You can get very close outputs from this except for the intercept. What I meant by standardizing is something like that.

  llpoi = function(X, y){
  # Ensures X is a matrix
  if(class(X) != "matrix") X = as.matrix(X)
  # Ensures there's a constant
  if(sum(X[, 1]) != nrow(X)) X = cbind(1, X)  
  # A useful scalar that I'll need below
  avgs <- c(0, apply(X[, 2:ncol(X)], 2, mean))
  sds <- c(1, apply(X[, 2:ncol(X)], 2, sd))
  X<- t((t(X) - avgs)/sds)

  k = ncol(X)
  ## Function to be maximized
  FUN = function(par, X, y){
    # beta hat -- the parameter we're trying to estimate
    betahat = par[1:k]
    # mu hat -- the systematic component
    muhat = X %*% betahat
    # Log likelihood function
    sum(muhat * y - exp(muhat))
  # Optimizing

  opt = optim(rep(0, k), fn = FUN, y = y, X = X, control = list(fnscale = -1), method = "BFGS", hessian = T)
  # Results, including getting the SEs from the hessian
  cbind(opt$par, sqrt(diag(solve(-1 * opt$hessian))))/sds

After much research, I learned that the two results differ because glm.fit, the workhorse behind glm optimizes the function through Newton-Raphson method, while I used BFGS in my llpoi function.
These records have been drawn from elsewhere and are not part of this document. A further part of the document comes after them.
text \<open>The object \<open>G\<hat>^{\<oplus>n}\<close>: None is 0 and Some (g, i) is g e_i.\<close>
definition Ghat_n :: "('g, 'b) monoid_scheme \<Rightarrow> nat \<Rightarrow> ('g, ('g \<times> nat) option) gobj" where
  "Ghat_n G n =
     \<lparr> carr = insert None {Some (g, i) | g i. g \<in> carrier G \<and> i < n},
       zer = None,
       gact = (\<lambda>h x. case x of None \<Rightarrow> None | Some (g, i) \<Rightarrow> Some (h \<otimes>\<^bsub>G\<^esub> g, i)),
       mact = (\<lambda>A x. case x of None \<Rightarrow> None
                 | Some (g, i) \<Rightarrow>
                     (if \<exists>j. A j i \<noteq> None
                      then (let j = (THE j. A j i \<noteq> None) in Some (the (A j i) \<otimes>\<^bsub>G\<^esub> g, j))
                      else None)) \<rparr>"

definition rep_obj :: "('g, 'b) monoid_scheme \<Rightarrow> nat \<Rightarrow> ('g, 'v, 'z) gobj_scheme \<Rightarrow> bool" where
  "rep_obj G n V \<longleftrightarrow>
     vect_obj G V \<and>
     (\<forall>A. In_mat G n A \<longrightarrow> vect_mor G V V (mact V A)) \<and>
     (\<forall>A B. In_mat G n A \<longrightarrow> In_mat G n B \<longrightarrow>
        (\<forall>v\<in>carr V. mact V (mmul G n A B) v = mact V A (mact V B v))) \<and>
     (\<forall>v\<in>carr V. mact V zero_mat v = zer V) \<and>
     (\<forall>g\<in>carrier G. \<forall>v\<in>carr V. mact V (scal_mat n g) v = gact V g v)"

definition rep_mor :: "('g, 'b) monoid_scheme \<Rightarrow> nat \<Rightarrow> ('g, 'v, 'z) gobj_scheme \<Rightarrow> ('g, 'w, 'y) gobj_scheme
                        \<Rightarrow> ('v \<Rightarrow> 'w) \<Rightarrow> bool" where
  "rep_mor G n V W f \<longleftrightarrow> vect_mor G V W f \<and>
     (\<forall>A. In_mat G n A \<longrightarrow> (\<forall>v\<in>carr V. f (mact V A v) = mact W A (f v)))"

definition rep_iso :: "('g, 'b) monoid_scheme \<Rightarrow> nat \<Rightarrow> ('g, 'v, 'z) gobj_scheme \<Rightarrow> ('g, 'w, 'y) gobj_scheme
                        \<Rightarrow> bool" where
  "rep_iso G n V W \<longleftrightarrow> (\<exists>f h. rep_mor G n V W f \<and> rep_mor G n W V h \<and>
     (\<forall>v\<in>carr V. h (f v) = v) \<and> (\<forall>w\<in>carr W. f (h w) = w))"

text \<open>Direct sum of a family of objects: disjoint union with the zeros identified.\<close>
definition dsum :: "'c set \<Rightarrow> ('c \<Rightarrow> ('g, 'v, 'z) gobj_scheme) \<Rightarrow> ('g, ('c \<times> 'v) option) gobj" where
  "dsum C F =
     \<lparr> carr = insert None {Some (c, v) | c v. c \<in> C \<and> v \<in> carr (F c) \<and> v \<noteq> zer (F c)},
       zer = None,
       gact = (\<lambda>g x. case x of None \<Rightarrow> None
                | Some (c, v) \<Rightarrow> (if gact (F c) g v = zer (F c) then None
                                   else Some (c, gact (F c) g v))),
       mact = (\<lambda>A x. case x of None \<Rightarrow> None
                | Some (c, v) \<Rightarrow> (if mact (F c) A v = zer (F c) then None
                                   else Some (c, mact (F c) A v))) \<rparr>"

definition le_End :: "('g, 'v, 'z) gobj_scheme \<Rightarrow> ('v \<Rightarrow> 'v) \<Rightarrow> ('v \<Rightarrow> 'v) \<Rightarrow> bool" where
  "le_End V A B \<longleftrightarrow> (\<forall>x\<in>carr V. A x \<noteq> zer V \<longrightarrow> B x = A x)"

definition is_join_End :: "('g, 'b) monoid_scheme \<Rightarrow> ('g, 'v, 'z) gobj_scheme \<Rightarrow> ('v \<Rightarrow> 'v) set
                            \<Rightarrow> ('v \<Rightarrow> 'v) \<Rightarrow> bool" where
  "is_join_End G V S J \<longleftrightarrow> vect_mor G V V J \<and> (\<forall>A\<in>S. le_End V A J) \<and>
     (\<forall>B. vect_mor G V V B \<longrightarrow> (\<forall>A\<in>S. le_End V A B) \<longrightarrow> le_End V J B)"

definition le_In :: "('g, 'b) monoid_scheme \<Rightarrow> nat \<Rightarrow> 'g mat \<Rightarrow> 'g mat \<Rightarrow> bool" where
  "le_In G n A B = le_End (Ghat_n G n) (mact (Ghat_n G n) A) (mact (Ghat_n G n) B)"

definition is_join_In :: "('g, 'b) monoid_scheme \<Rightarrow> nat \<Rightarrow> 'g mat set \<Rightarrow> 'g mat \<Rightarrow> bool" where
  "is_join_In G n S J \<longleftrightarrow> In_mat G n J \<and> (\<forall>A\<in>S. le_In G n A J) \<and>
     (\<forall>B. In_mat G n B \<longrightarrow> (\<forall>A\<in>S. le_In G n A B) \<longrightarrow> le_In G n J B)"

definition rep_M :: "('g, 'b) monoid_scheme \<Rightarrow> nat \<Rightarrow> ('g, 'v, 'z) gobj_scheme \<Rightarrow> bool" where
  "rep_M G n V \<longleftrightarrow> rep_obj G n V \<and>
     (\<forall>S J. S \<subseteq> {A. In_mat G n A} \<longrightarrow> is_join_In G n S J \<longrightarrow>
        is_join_End G V (mact V ` S) (mact V J))"

end

theory Submission
  imports Defs
begin
theorem mainTheorem10:
  shows "(\<forall>m::nat. m \<ge> 2 \<longrightarrow>
            circle_graph (comp_grid_V m) comp_grid_E \<and>
            card (comp_grid_V m) = m ^ 2 \<and>
            real (rank_width (comp_grid_V m) comp_grid_E) \<ge> real m / 4) \<and>
         \<not> (\<exists>f :: nat \<Rightarrow> real. f \<in> o(\<lambda>n. sqrt (real n)) \<and>
              (\<forall>(V :: nat set) E. circle_graph V E \<longrightarrow> real (rank_width V E) \<le> f (card V)))"
proof (intro conjI allI impI notI)
  fix m :: nat assume m: "2 \<le> m"
  show "circle_graph (comp_grid_V m) comp_grid_E" by (rule comp_grid_circle_graph)
  show "card (comp_grid_V m) = m ^ 2" by (rule card_comp_grid_V)
  show "real m / 4 \<le> real (rank_width (comp_grid_V m) comp_grid_E)"
    using comp_grid_rank_width_ge[OF m comp_grid_iso_id] by simp
next
  assume "\<exists>f :: nat \<Rightarrow> real. f \<in> o(\<lambda>n. sqrt (real n)) \<and>
    (\<forall>(V :: nat set) E. circle_graph V E \<longrightarrow> real (rank_width V E) \<le> f (card V))"
  then obtain f :: "nat \<Rightarrow> real" where f: "f \<in> o(\<lambda>n. sqrt (real n))"
    and bound: "\<And>(V :: nat set) E. circle_graph V E \<Longrightarrow> real (rank_width V E) \<le> f (card V)" by blast
  obtain m where "2 \<le> m" "f (m\<^sup>2) < real m / 4" using f by (rule exists_square_below_small_o_sqrt)
  moreover obtain V :: "nat set" and E where "circle_graph V E" "card V = m\<^sup>2"
    "real m / 4 \<le> real (rank_width V E)"
    using nat_circle_graph_rank_width_ge[OF \<open>2 \<le> m\<close>] .
  ultimately show False using bound by fastforce
qed

end
(* Let $p$ be a prime and $Q\in\mathbb{Q}_p[X_1,\dots,X_n]$ any quadratic form. Then the following are equivalent: (i) $R(Q(\mathbb{N}^n))$ is dense in $\mathbb{Q}_p$; (ii) $R(Q(\mathbb{Z}^n))$ is dense in $\mathbb{Q}_p$; (iii) $R(Q(\mathbb{Z}_p^n))$ is dense in $\mathbb{Q}_p$.
   Context: $\mathbb{N}$ denotes the nonnegative integers, $\mathbb{Z}_p$ the $p$-adic integers, and $\mathbb{Q}_p$ carries the $p$-adic topology. A quadratic form is a homogeneous polynomial of degree two, not all coefficients zero. For a subset $A$ of a field, $R(A)=\{a/b: a,b\in A,\ b\neq 0\}$. For $S\subseteq\mathbb{Q}_p^n$, $Q(S)=\{Q(\mathbf{x}):\mathbf{x}\in S\}$. *)

theory Defs
  imports Complex_Main "HOL-Computational_Algebra.Primes"
begin

definition rat_padic_val :: "nat \<Rightarrow> rat \<Rightarrow> int" where
  "rat_padic_val p q =
     (let (a, b) = quotient_of q in
        int (multiplicity (int p) a) - int (multiplicity (int p) b))"

definition rat_padic_abs :: "nat \<Rightarrow> rat \<Rightarrow> real" where
  "rat_padic_abs p q = (if q = 0 then 0 else real p powr (- real_of_int (rat_padic_val p q)))"

text \<open>Q_p, characterised (uniquely up to isometric isomorphism) as the completion of Q
  w.r.t. the p-adic absolute value: a field K of characteristic 0 with an absolute value
  nv extending the p-adic absolute value on Q, complete, in which Q is dense.\<close>
definition is_Qp :: "nat \<Rightarrow> ('a::field_char_0 \<Rightarrow> real) \<Rightarrow> bool" where
  "is_Qp p nv \<longleftrightarrow>
     (\<forall>x. nv x \<ge> 0) \<and> (\<forall>x. nv x = 0 \<longleftrightarrow> x = 0) \<and>
     (\<forall>x y. nv (x * y) = nv x * nv y) \<and>
     (\<forall>x y. nv (x + y) \<le> nv x + nv y) \<and>
     (\<forall>q. nv (of_rat q) = rat_padic_abs p q) \<and>
     (\<forall>X::nat \<Rightarrow> 'a. (\<forall>e>0. \<exists>N. \<forall>m\<ge>N. \<forall>k\<ge>N. nv (X m - X k) < e) \<longrightarrow>
          (\<exists>L. \<forall>e>0. \<exists>N. \<forall>k\<ge>N. nv (X k - L) < e)) \<and>
     (\<forall>y. \<forall>e>0. \<exists>q. nv (of_rat q - y) < e)"

definition is_quadratic_form :: "nat \<Rightarrow> (nat \<Rightarrow> nat \<Rightarrow> 'a::comm_ring_1) \<Rightarrow> bool" where
  "is_quadratic_form n c \<longleftrightarrow> (\<exists>i j. i \<le> j \<and> j < n \<and> c i j \<noteq> 0)"

definition qf_eval :: "nat \<Rightarrow> (nat \<Rightarrow> nat \<Rightarrow> 'a::comm_ring_1) \<Rightarrow> (nat \<Rightarrow> 'a) \<Rightarrow> 'a" where
  "qf_eval n c x = (\<Sum>i<n. \<Sum>j\<in>{i..<n}. c i j * x i * x j)"

text \<open>A^n as functions on {0..<n} (values outside are irrelevant).\<close>
definition cart_pow :: "'a set \<Rightarrow> nat \<Rightarrow> (nat \<Rightarrow> 'a) set" where
  "cart_pow A n = {x. \<forall>i<n. x i \<in> A}"

definition ratio_set :: "'a::field set \<Rightarrow> 'a set" where
  "ratio_set A = {a / b | a b. a \<in> A \<and> b \<in> A \<and> b \<noteq> 0}"

definition dense_wrt :: "('a::ab_group_add \<Rightarrow> real) \<Rightarrow> 'a set \<Rightarrow> bool" where
  "dense_wrt nv S \<longleftrightarrow> (\<forall>y. \<forall>e>0. \<exists>s\<in>S. nv (s - y) < e)"

end

theory Submission
  imports Defs "HOL-Number_Theory.Cong"
begin

text \<open>Since \<open>\<nat> \<subseteq> \<int> \<subseteq> \<int>\<^sub>p\<close>, density of the smaller ratio sets implies density
  of the larger ones. Conversely, \<open>\<nat>\<close> is dense in \<open>\<int>\<^sub>p\<close>: a rational close to a
  \<open>p\<close>-adic integer has denominator \<open>b\<close> prime to \<open>p\<close>, and \<open>a/b\<close> is congruent to a
  natural number modulo any power of \<open>p\<close>. As \<open>Q\<close> is uniformly continuous on
  \<open>\<int>\<^sub>p\<^sup>n\<close> and division is continuous away from \<open>0\<close>, every ratio
  \<open>Q(x)/Q(z)\<close> with \<open>x, z \<in> \<int>\<^sub>p\<^sup>n\<close> is then a limit of ratios \<open>Q(x')/Q(z')\<close>
  with \<open>x', z' \<in> \<nat>\<^sup>n\<close>.\<close>

locale absolute_value =
  fixes nv :: "'a::field \<Rightarrow> real"
  assumes nonneg: "nv x \<ge> 0"
    and zero_iff: "nv x = 0 \<longleftrightarrow> x = 0"
    and mult: "nv (x * y) = nv x * nv y"
    and triangle: "nv (x + y) \<le> nv x + nv y"
begin

lemma zero [simp]: "nv 0 = 0"
  by (simp add: zero_iff)

lemma pos: "x \<noteq> 0 \<Longrightarrow> nv x > 0"
  using nonneg[of x] zero_iff[of x] by linarith

lemma one [simp]: "nv 1 = 1"
  using mult[of 1 1] pos[of 1] by simp

lemma minus [simp]: "nv (- x) = nv x"
proof -
  have "nv (-1) * nv (-1) = 1"
    using mult[of "-1" "-1"] by simp
  then have "(nv (-1) - 1) * (nv (-1) + 1) = 0"
    by (simp add: algebra_simps)
  then have "nv (-1) = 1"
    using nonneg[of "-1"] by simp
  then show ?thesis
    using mult[of "-1" x] by simp
qed

lemma diff_commute: "nv (x - y) = nv (y - x)"
  by (metis minus minus_diff_eq)

lemma diff_le: "nv (x - y) \<le> nv x + nv y"
  using triangle[of x "- y"] by simp

lemma diff_triangle: "nv (x - z) \<le> nv (x - y) + nv (y - z)"
  using triangle[of "x - y" "y - z"] by simp

lemma divide: "nv (x / y) = nv x / nv y"
proof (cases "y = 0")
  case False
  then have "nv (x / y) * nv y = nv x"
    by (metis mult nonzero_eq_divide_eq)
  then show ?thesis
    using pos[OF False] by (simp add: field_simps)
qed simp

lemma power: "nv (x ^ k) = nv x ^ k"
  by (induction k) (simp_all add: mult)

lemma sum_le: "nv (sum f A) \<le> (\<Sum>i\<in>A. nv (f i))"
proof (induction A rule: infinite_finite_induct)
  case (insert x F)
  then show ?case
    using triangle[of "f x" "sum f F"] by simp
qed simp_all

lemma qf_eval_diff_le:
  assumes x: "\<forall>i<n. nv (x i) \<le> 1" and y: "\<forall>i<n. nv (y i) \<le> 1"
    and d: "\<forall>i<n. nv (y i - x i) \<le> d"
  shows "nv (qf_eval n c y - qf_eval n c x) \<le> 2 * d * (\<Sum>i<n. \<Sum>j\<in>{i..<n}. nv (c i j))"
proof -
  have term_le: "nv (c i j * (y i * y j - x i * x j)) \<le> nv (c i j) * (2 * d)"
    if "i < n" "j < n" for i j
  proof -
    have "0 \<le> d"
      using d that(1) nonneg[of "y i - x i"] by force
    have "y i * y j - x i * x j = (y i - x i) * y j + x i * (y j - x j)"
      by (simp add: algebra_simps)
    then have "nv (y i * y j - x i * x j) \<le> nv (y i - x i) * nv (y j) + nv (x i) * nv (y j - x j)"
      using triangle mult by metis
    also have "\<dots> \<le> d * 1 + 1 * d"
      using that x y d nonneg \<open>0 \<le> d\<close> by (intro add_mono mult_mono) auto
    finally show ?thesis
      using nonneg by (simp add: mult mult_left_mono)
  qed
  have "qf_eval n c y - qf_eval n c x = (\<Sum>i<n. \<Sum>j\<in>{i..<n}. c i j * (y i * y j - x i * x j))"
    unfolding qf_eval_def by (simp add: sum_subtractf[symmetric] algebra_simps)
  also have "nv \<dots> \<le> (\<Sum>i<n. \<Sum>j\<in>{i..<n}. nv (c i j * (y i * y j - x i * x j)))"
    by (rule order_trans[OF sum_le sum_mono[OF sum_le]])
  also have "\<dots> \<le> (\<Sum>i<n. \<Sum>j\<in>{i..<n}. nv (c i j) * (2 * d))"
    by (intro sum_mono term_le) auto
  also have "\<dots> = 2 * d * (\<Sum>i<n. \<Sum>j\<in>{i..<n}. nv (c i j))"
    by (simp add: sum_distrib_left sum_distrib_right mult.commute)
  finally show ?thesis .
qed
(* Let $P,Q,N>0$, let $\rho=P/N$, and let $A$ be a nonnegative random variable with a probability density function on $[0,\infty)$. For real $\alpha$ define the random variable $$J(\alpha,A)=\log\frac{P\left[A(P+Q)+N\right]}{(1-\alpha)^2APQ+(P+\alpha^2Q)N}.$$ Then for every $R\ge 0$, $$\min_{\alpha\in\mathbb{R}}\Pr\left[J(\alpha,A)\le R\right]=\Pr\left[A\le \frac{e^{R}-1}{\rho}\right],$$ and the minimum is attained at $\alpha^\ast=1-e^{-R}$. In particular this minimum equals the outage probability $\Pr[\log(1+A\rho)\le R]$ obtained when the decoder also knows the interference.
   Context: Interpretation: quasi-static channel $Y_i=\sqrt{A}(X_i+S_i)+Z_i$, $i=1,\dots,n$, with $Z_i$ i.i.d. $\mathcal{CN}(0,N)$, interference $S_i$ i.i.d. $\mathcal{CN}(0,Q)$ known noncausally to the encoder only, input average power constraint $P$, and a single fading coefficient $A$ (constant over the block, independent of $S$) known to the decoder but not the encoder. $J(\alpha,A)$ is the rate achieved, conditional on $A$, by dirty paper coding with $X\sim\mathcal{CN}(0,P)$ independent of $S$ and auxiliary variable $U=X+\alpha S$. Logarithms are natural. *)

theory Defs
  imports "HOL-Probability.Probability"
begin

definition J :: "real \<Rightarrow> real \<Rightarrow> real \<Rightarrow> real \<Rightarrow> real \<Rightarrow> real" where
  "J P Q N \<alpha> a = ln ((P * (a * (P + Q) + N)) /
      ((1 - \<alpha>)\<^sup>2 * a * P * Q + (P + \<alpha>\<^sup>2 * Q) * N))"

end

theory Submission
  imports Defs
begin

text \<open>
  Completing the square in the DPC rate gives
  \<open>(N + aP) D - N P (a(P+Q) + N) = Q (aP(1-\<alpha>) - \<alpha>N)\<^sup>2 \<ge> 0\<close>, where \<open>D\<close> is the
  denominator of \<open>J\<close>; hence \<open>J(\<alpha>, a) \<le> log (1 + a\<rho>)\<close> for every \<open>\<alpha>\<close>, with equality
  exactly at the MMSE scaling \<open>\<alpha> = a\<rho>/(1 + a\<rho>)\<close>. So no \<open>\<alpha>\<close> can make the outage event
  \<open>J(\<alpha>, A) \<le> R\<close> smaller than \<open>log (1 + A\<rho>) \<le> R\<close>, i.e. \<open>A \<le> (e\<^sup>R - 1)/\<rho>\<close>. The fixed
  choice \<open>\<alpha> = 1 - e\<^sup>-\<^sup>R\<close> is the MMSE scaling for the threshold fade \<open>a = (e\<^sup>R - 1)/\<rho>\<close>,
  and a direct computation shows that for it \<open>J \<le> R\<close> happens exactly when \<open>A\<close> is below
  that threshold, so it attains the bound.
\<close>

lemma J_le_ln_one_plus_snr:
  fixes P Q N \<alpha> a :: real
  assumes "P > 0" "Q > 0" "N > 0" "a \<ge> 0"
  shows "J P Q N \<alpha> a \<le> ln (1 + a * (P / N))"
proof -
  define D where "D = (1 - \<alpha>)\<^sup>2 * a * P * Q + (P + \<alpha>\<^sup>2 * Q) * N"
  have D_pos: "D > 0"
    unfolding D_def using assms
    by (intro add_nonneg_pos) (auto intro!: mult_nonneg_nonneg mult_pos_pos add_pos_nonneg)
  have num_pos: "P * (a * (P + Q) + N) > 0"
    using assms by (auto intro!: mult_pos_pos add_nonneg_pos)
  have square: "(N + a * P) * D - N * (P * (a * (P + Q) + N)) = Q * (a * P * (1 - \<alpha>) - \<alpha> * N)\<^sup>2"
    unfolding D_def by (simp add: algebra_simps power2_eq_square)
  then have "N * (P * (a * (P + Q) + N)) \<le> (N + a * P) * D"
    using assms by (smt (verit) mult_nonneg_nonneg zero_le_power2)
  then have "P * (a * (P + Q) + N) / D \<le> 1 + a * (P / N)"
    using D_pos assms by (simp add: field_simps)
  then show ?thesis
    unfolding J_def D_def[symmetric] using D_pos num_pos by (intro ln_mono) auto
qed

lemma ln_one_plus_le_iff:
  fixes a \<rho> R :: real
  assumes "a \<ge> 0" "\<rho> > 0"
  shows "ln (1 + a * \<rho>) \<le> R \<longleftrightarrow> a \<le> (exp R - 1) / \<rho>"
proof -
  have "1 + a * \<rho> > 0"
    using assms by (simp add: add_pos_nonneg)
  then have "ln (1 + a * \<rho>) \<le> R \<longleftrightarrow> 1 + a * \<rho> \<le> exp R"
    by (metis ln_exp ln_le_cancel_iff exp_gt_zero)
  also have "\<dots> \<longleftrightarrow> a \<le> (exp R - 1) / \<rho>"
    using assms by (simp add: field_simps)
  finally show ?thesis .
qed

lemma J_at_one_minus_exp_le_iff:
  fixes P Q N a R :: real
  assumes "P > 0" "Q > 0" "N > 0" "a \<ge> 0" "R \<ge> 0"
  shows "J P Q N (1 - exp (- R)) a \<le> R \<longleftrightarrow> a \<le> (exp R - 1) / (P / N)"
proof -
  define e where "e = exp R"
  have e_ge_1: "e \<ge> 1"
    unfolding e_def using assms by simp
  have exp_minus_R: "exp (- R) = 1 / e"
    unfolding e_def by (simp add: exp_minus field_simps)
  define D where "D = (1 - (1 - exp (- R)))\<^sup>2 * a * P * Q + (P + (1 - exp (- R))\<^sup>2 * Q) * N"
  have D_pos: "D > 0"
    unfolding D_def using assms
    by (intro add_nonneg_pos) (auto intro!: mult_nonneg_nonneg mult_pos_pos add_pos_nonneg)
  have num_pos: "P * (a * (P + Q) + N) > 0"
    using assms by (auto intro!: mult_pos_pos add_nonneg_pos)
  have factor_pos: "P + Q * (1 - 1 / e) > 0"
    using assms e_ge_1 by (smt (verit) divide_le_eq_1 mult_nonneg_nonneg)
  have factorisation: "e * D - P * (a * (P + Q) + N) = (N * (e - 1) - a * P) * (P + Q * (1 - 1 / e))"
    unfolding D_def exp_minus_R using e_ge_1 by (simp add: field_simps power2_eq_square)
  have "J P Q N (1 - exp (- R)) a \<le> R \<longleftrightarrow> P * (a * (P + Q) + N) / D \<le> e"
    unfolding J_def D_def[symmetric] e_def using D_pos num_pos
    by (subst ln_le_cancel_iff[symmetric]) auto
  also have "\<dots> \<longleftrightarrow> P * (a * (P + Q) + N) \<le> e * D"
    using D_pos by (simp add: field_simps)
  also have "\<dots> \<longleftrightarrow> 0 \<le> (N * (e - 1) - a * P) * (P + Q * (1 - 1 / e))"
    using factorisation by linarith
  also have "\<dots> \<longleftrightarrow> 0 \<le> N * (e - 1) - a * P"
    using factor_pos by (simp add: zero_le_mult_iff)
  also have "\<dots> \<longleftrightarrow> a \<le> (exp R - 1) / (P / N)"
    using assms unfolding e_def by (simp add: field_simps)
  finally show ?thesis .
qed

lemma (in finite_measure) measure_le_le_mono:
  fixes g h :: "'a \<Rightarrow> real"
  assumes "g \<in> borel_measurable M" "\<And>x. x \<in> space M \<Longrightarrow> g x \<le> h x"
  shows "measure M {x \<in> space M. h x \<le> c} \<le> measure M {x \<in> space M. g x \<le> c}"
proof (rule finite_measure_mono)
  show "{x \<in> space M. g x \<le> c} \<in> sets M"
    using assms(1) by measurable
qed (use assms(2) in \<open>fastforce\<close>)

theorem mainTheorem2:
  fixes M :: "'s measure" and A :: "'s \<Rightarrow> real" and f :: "real \<Rightarrow> ennreal"
    and P Q N R :: real
  assumes "prob_space M"
    and "P > 0" and "Q > 0" and "N > 0"
    and "\<forall>x\<in>space M. A x \<ge> 0"
    and "distributed M lborel A f"
    and "\<forall>a<0. f a = 0"
    and "R \<ge> 0"
  shows "(\<forall>\<alpha>::real. measure M {x \<in> space M. A x \<le> (exp R - 1) / (P / N)}
              \<le> measure M {x \<in> space M. J P Q N \<alpha> (A x) \<le> R})
       \<and> measure M {x \<in> space M. J P Q N (1 - exp (- R)) (A x) \<le> R}
           = measure M {x \<in> space M. A x \<le> (exp R - 1) / (P / N)}
       \<and> (INF \<alpha>::real. measure M {x \<in> space M. J P Q N \<alpha> (A x) \<le> R})
           = measure M {x \<in> space M. A x \<le> (exp R - 1) / (P / N)}
       \<and> measure M {x \<in> space M. A x \<le> (exp R - 1) / (P / N)}
           = measure M {x \<in> space M. ln (1 + A x * (P / N)) \<le> R}"
proof -
  interpret prob_space M by fact
  have A_meas: "A \<in> borel_measurable M"
    using distributed_measurable[OF assms(6)] by (simp add: measurable_lborel1)
  have PN_pos: "P / N > 0"
    using assms(2,4) by simp
  have outage_eq: "{x \<in> space M. ln (1 + A x * (P / N)) \<le> R}
      = {x \<in> space M. A x \<le> (exp R - 1) / (P / N)}"
    using ln_one_plus_le_iff[OF _ PN_pos] assms(5) by auto
  have optimal_eq: "{x \<in> space M. J P Q N (1 - exp (- R)) (A x) \<le> R}
      = {x \<in> space M. A x \<le> (exp R - 1) / (P / N)}"
    using J_at_one_minus_exp_le_iff[OF assms(2-4) _ assms(8)] assms(5) by auto
  have lower_bound: "measure M {x \<in> space M. ln (1 + A x * (P / N)) \<le> R}
      \<le> measure M {x \<in> space M. J P Q N \<alpha> (A x) \<le> R}" for \<alpha>
    using A_meas J_le_ln_one_plus_snr[OF assms(2-4)] assms(5)
    by (intro measure_le_le_mono) (auto simp: J_def)
  have "(INF \<alpha>::real. measure M {x \<in> space M. J P Q N \<alpha> (A x) \<le> R})
      = measure M {x \<in> space M. A x \<le> (exp R - 1) / (P / N)}"
    using lower_bound optimal_eq outage_eq
    by (intro cInf_eq_minimum[of _ "range _"]) (auto intro!: range_eqI[of _ _ "1 - exp (- R)"])
  then show ?thesis
    using lower_bound optimal_eq outage_eq by simp
qed

end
BFGS is faster, but less precise. The two results will be very similar on most cases, but may differ more significantly when the surface area is too flat or has too many maxima, as correctly pointed out by amatsuo_net, because the climbing algorithm used by BFGS will get stuck.